CNN News:两年内第三张天价罚单 谷歌再次因不当竞争被欧盟处罚
CARL AZUZ, cnn 10 ANCHOR: For the third time in two years, the European Union is ordering Google to pay more than $1 billion for breaking EU rules. That's the first story we're explaining today on cnn 10. I'm Carl Azuz.
The first time had to do with shopping. In 2017, the EU accused Google of using its own search engine to steer shoppers to its own shopping platform, instead of those of its competitors.
ISA SOARES: Search for almost anything you could buy online and right at the top Google will first offer you a box with a selection of that product, say cheese. And if you go further and click on it, Google directs you to its own Google shopping page. The European Commission argues that by promoting its own business and banishing other such websites to around the fourth page of search results, what Google is doing is really denying anyone else a chance to compete, and denying consumers with what it calls a genuine choice.

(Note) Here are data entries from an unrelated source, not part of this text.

(* Let $n,k\ge 0$ be integers, let $\mathbb{P}^{(n)}=\{I,X,Y,Z\}^{\otimes n}$ be the $n$-qubit Pauli operators (modulo phase), and let $\mathcal{T}_P^{(k)}$ be the multi-time Pauli twirl acting on operators $\Upsilon$ on $\mathcal{H}_{\Upsilon_{0:k}}=\bigotimes_{j=0}^k(\mathcal{H}_{\mathfrak{i}_j}\otimes\mathcal{H}_{\mathfrak{o}_j})$ (each factor an $n$-qubit space) by \[ \mathcal{T}_P^{(k)}(\Upsilon)=\frac{1}{|\mathbb{P}^{(n)}|^{k+1}}\sum_{P_0,\dots,P_k\in\mathbb{P}^{(n)}}\Big(\bigotimes_{j=0}^k P_j\otimes P_j\Big)\,\Upsilon\,\Big(\bigotimes_{j=0}^k P_j\otimes P_j\Big), \] where in the $j$-th factor the first $P_j$ acts on $\mathcal{H}_{\mathfrak{i}_j}$ and the second on $\mathcal{H}_{\mathfrak{o}_j}$. Then: (1) (Validity) for every Choi operator $\Upsilon_{0:k}$ of a valid (CPTP) $k$-slot process tensor, $\mathcal{T}_P^{(k)}(\Upsilon_{0:k})$ is again the Choi operator of a valid (CPTP) $k$-slot process tensor; (2) (Projector) $\mathcal{T}_P^{(k)}\circ\mathcal{T}_P^{(k)}=\mathcal{T}_P^{(k)}$; (3) (Causality) the causal (affine) constraints are preserved: if $\Upsilon_{0:k}$ satisfies the causal constraints below, so does $\mathcal{T}_P^{(k)}(\Upsilon_{0:k})$.
   Context: A $k$-slot process tensor is described by its Choi operator $\Upsilon_{0:k}$, a linear operator on $\mathcal{H}_{\Upsilon_{0:k}}=\bigotimes_{j=0}^k(\mathcal{H}_{\mathfrak{i}_j}\otimes\mathcal{H}_{\mathfrak{o}_j})$, where $\mathcal{H}_{\mathfrak{i}_j},\mathcal{H}_{\mathfrak{o}_j}$ are the system input/output spaces at time step $j$. It is valid (CPTP) iff $\Upsilon_{0:k}\ge 0$ and it satisfies the causal constraints: there are operators $\Upsilon_{0:j}$ on $\bigotimes_{l=0}^{j}(\mathcal{H}_{\mathfrak{i}_l}\otimes\mathcal{H}_{\mathfrak{o}_l})$, $j=0,\dots,k$ (with $\Upsilon_{0:k}$ the given operator), such that $\mathrm{Tr}_{\mathfrak{o}_j}[\Upsilon_{0:j}]=\Upsilon_{0:j-1}\otimes\mathbb{I}_{\mathfrak{i}_j}$ for $j=1,\dots,k$ and $\mathrm{Tr}_{\mathfrak{o}_0}[\Upsilon_{0:0}]=\mathbb{I}_{\mathfrak{i}_0}$. Choi operators use the unnormalised maximally entangled vector $\sum_i|i\rangle|i\rangle$. *)

theory Defs
  imports Complex_Main "Jordan_Normal_Form.Matrix" "Jordan_Normal_Form.Conjugate"
begin

text \<open>Kronecker (tensor) product of matrices; the first factor is the most significant one.\<close>
definition kron :: "complex mat \<Rightarrow> complex mat \<Rightarrow> complex mat" where
  "kron A B = mat (dim_row A * dim_row B) (dim_col A * dim_col B)
     (\<lambda>(i,j). A $$ (i div dim_row B, j div dim_col B) * B $$ (i mod dim_row B, j mod dim_col B))"

definition ptrace_last :: "nat \<Rightarrow> complex mat \<Rightarrow> complex mat" where
  "ptrace_last d A = mat (dim_row A div d) (dim_col A div d)
     (\<lambda>(i,j). \<Sum>l<d. A $$ (i * d + l, j * d + l))"

definition psd :: "complex mat \<Rightarrow> bool" where
  "psd A \<longleftrightarrow> (\<exists>m. A \<in> carrier_mat m m \<and>
     (\<forall>v \<in> carrier_vec m. (conjugate v \<bullet> (A *\<^sub>v v)) \<in> \<real> \<and> 0 \<le> Re ((conjugate v \<bullet> (A *\<^sub>v v)))))"

text \<open>Single-qubit Paulis: 0 = I, 1 = X, 2 = Y, 3 = Z.\<close>
definition pauli1 :: "nat \<Rightarrow> complex mat" where
  "pauli1 p = (if p = 0 then mat_of_rows_list 2 [[1,0],[0,1]]
     else if p = 1 then mat_of_rows_list 2 [[0,1],[1,0]]
     else if p = 2 then mat_of_rows_list 2 [[0,-\<i>],[\<i>,0]]
     else mat_of_rows_list 2 [[1,0],[0,-1]])"

definition pauli_string :: "nat list \<Rightarrow> complex mat" where
  "pauli_string ps = foldr (\<lambda>p M. kron (pauli1 p) M) ps (1\<^sub>m 1)"

text \<open>The n-qubit Pauli operators (one representative per phase class).\<close>
definition paulis :: "nat \<Rightarrow> complex mat set" where
  "paulis n = {pauli_string ps | ps. length ps = n \<and> set ps \<subseteq> {..<4}}"

text \<open>Qubit dimension of one system space, and of H_{Upsilon_{0:j}}
  = (H_i0 (x) H_o0) (x) ... (x) (H_ij (x) H_oj).\<close>
definition sysdim :: "nat \<Rightarrow> nat" where "sysdim n = 2 ^ n"
definition ptdim :: "nat \<Rightarrow> nat \<Rightarrow> nat" where
  "ptdim n j = (sysdim n * sysdim n) ^ (Suc j)"

definition twirl_op :: "complex mat list \<Rightarrow> complex mat" where
  "twirl_op Ps = foldr (\<lambda>P M. kron (kron P P) M) Ps (1\<^sub>m 1)"

definition pauli_twirl :: "nat \<Rightarrow> nat \<Rightarrow> complex mat \<Rightarrow> complex mat" where
  "pauli_twirl n k U = mat (ptdim n k) (ptdim n k) (\<lambda>(a,b).
     (1 / of_nat (card (paulis n) ^ Suc k)) *
     (\<Sum>Ps \<in> {Ps. length Ps = Suc k \<and> set Ps \<subseteq> paulis n}.
        (twirl_op Ps * U * twirl_op Ps) $$ (a,b)))"

definition causal :: "nat \<Rightarrow> nat \<Rightarrow> complex mat \<Rightarrow> bool" where
  "causal n k U \<longleftrightarrow> (\<exists>Ups :: nat \<Rightarrow> complex mat.
     Ups k = U \<and>
     (\<forall>j\<le>k. Ups j \<in> carrier_mat (ptdim n j) (ptdim n j)) \<and>
     ptrace_last (sysdim n) (Ups 0) = 1\<^sub>m (sysdim n) \<and>
     (\<forall>j. 1 \<le> j \<and> j \<le> k \<longrightarrow>
        ptrace_last (sysdim n) (Ups j) = kron (Ups (j - 1)) (1\<^sub>m (sysdim n))))"

definition valid_process_tensor :: "nat \<Rightarrow> nat \<Rightarrow> complex mat \<Rightarrow> bool" where
  "valid_process_tensor n k U \<longleftrightarrow> psd U \<and> causal n k U"

end

theory Submission
  imports Defs
begin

AZUZ: The EU said that was unfair and fined the company $2.7 billion, a record at the time. Google said it disagreed, and that it tried to show ads in ways that helped buyers and sellers. But then another fine came last summer. The EU ordered Google to pay $5 billion, a new record amount, for requiring and paying smart phone makers to install Google applications on phones before they were sold, and for preventing makers from selling phones that ran on alternative versions of Android, Google's operating system. The EU said Google was breaking the law. Google disagreed, saying Android had created more choices for everyone, not less.
The technology company has not paid these fines yet. It's appealing them through the court system. Now though, it has a third one to address, the one Google was ordered to pay Wednesday. It's worth $1.7 billion. Again, it's about hindering competition. The European Union says Google prevented its competitors from advertising on certain websites. This went on for 10 years between 2006 and 2016. And after European lawyers objected to it in 2016, Google stopped doing it. Since then, Google says its made a quote "wide range of changes in order to address the Commissions concerns." The company says more changes are ahead based on what it calls feedback from Europe. And as far as the latest fine goes, Google says it respectfully disagrees with it.
But with American companies like Google, Apple and Facebook being so dominant around the world, Europe's been closely watching them, and sometimes actively confronting them over competition, privacy and tax issues. So all of this is only part of the tension between U.S. internet and tech companies and international governments.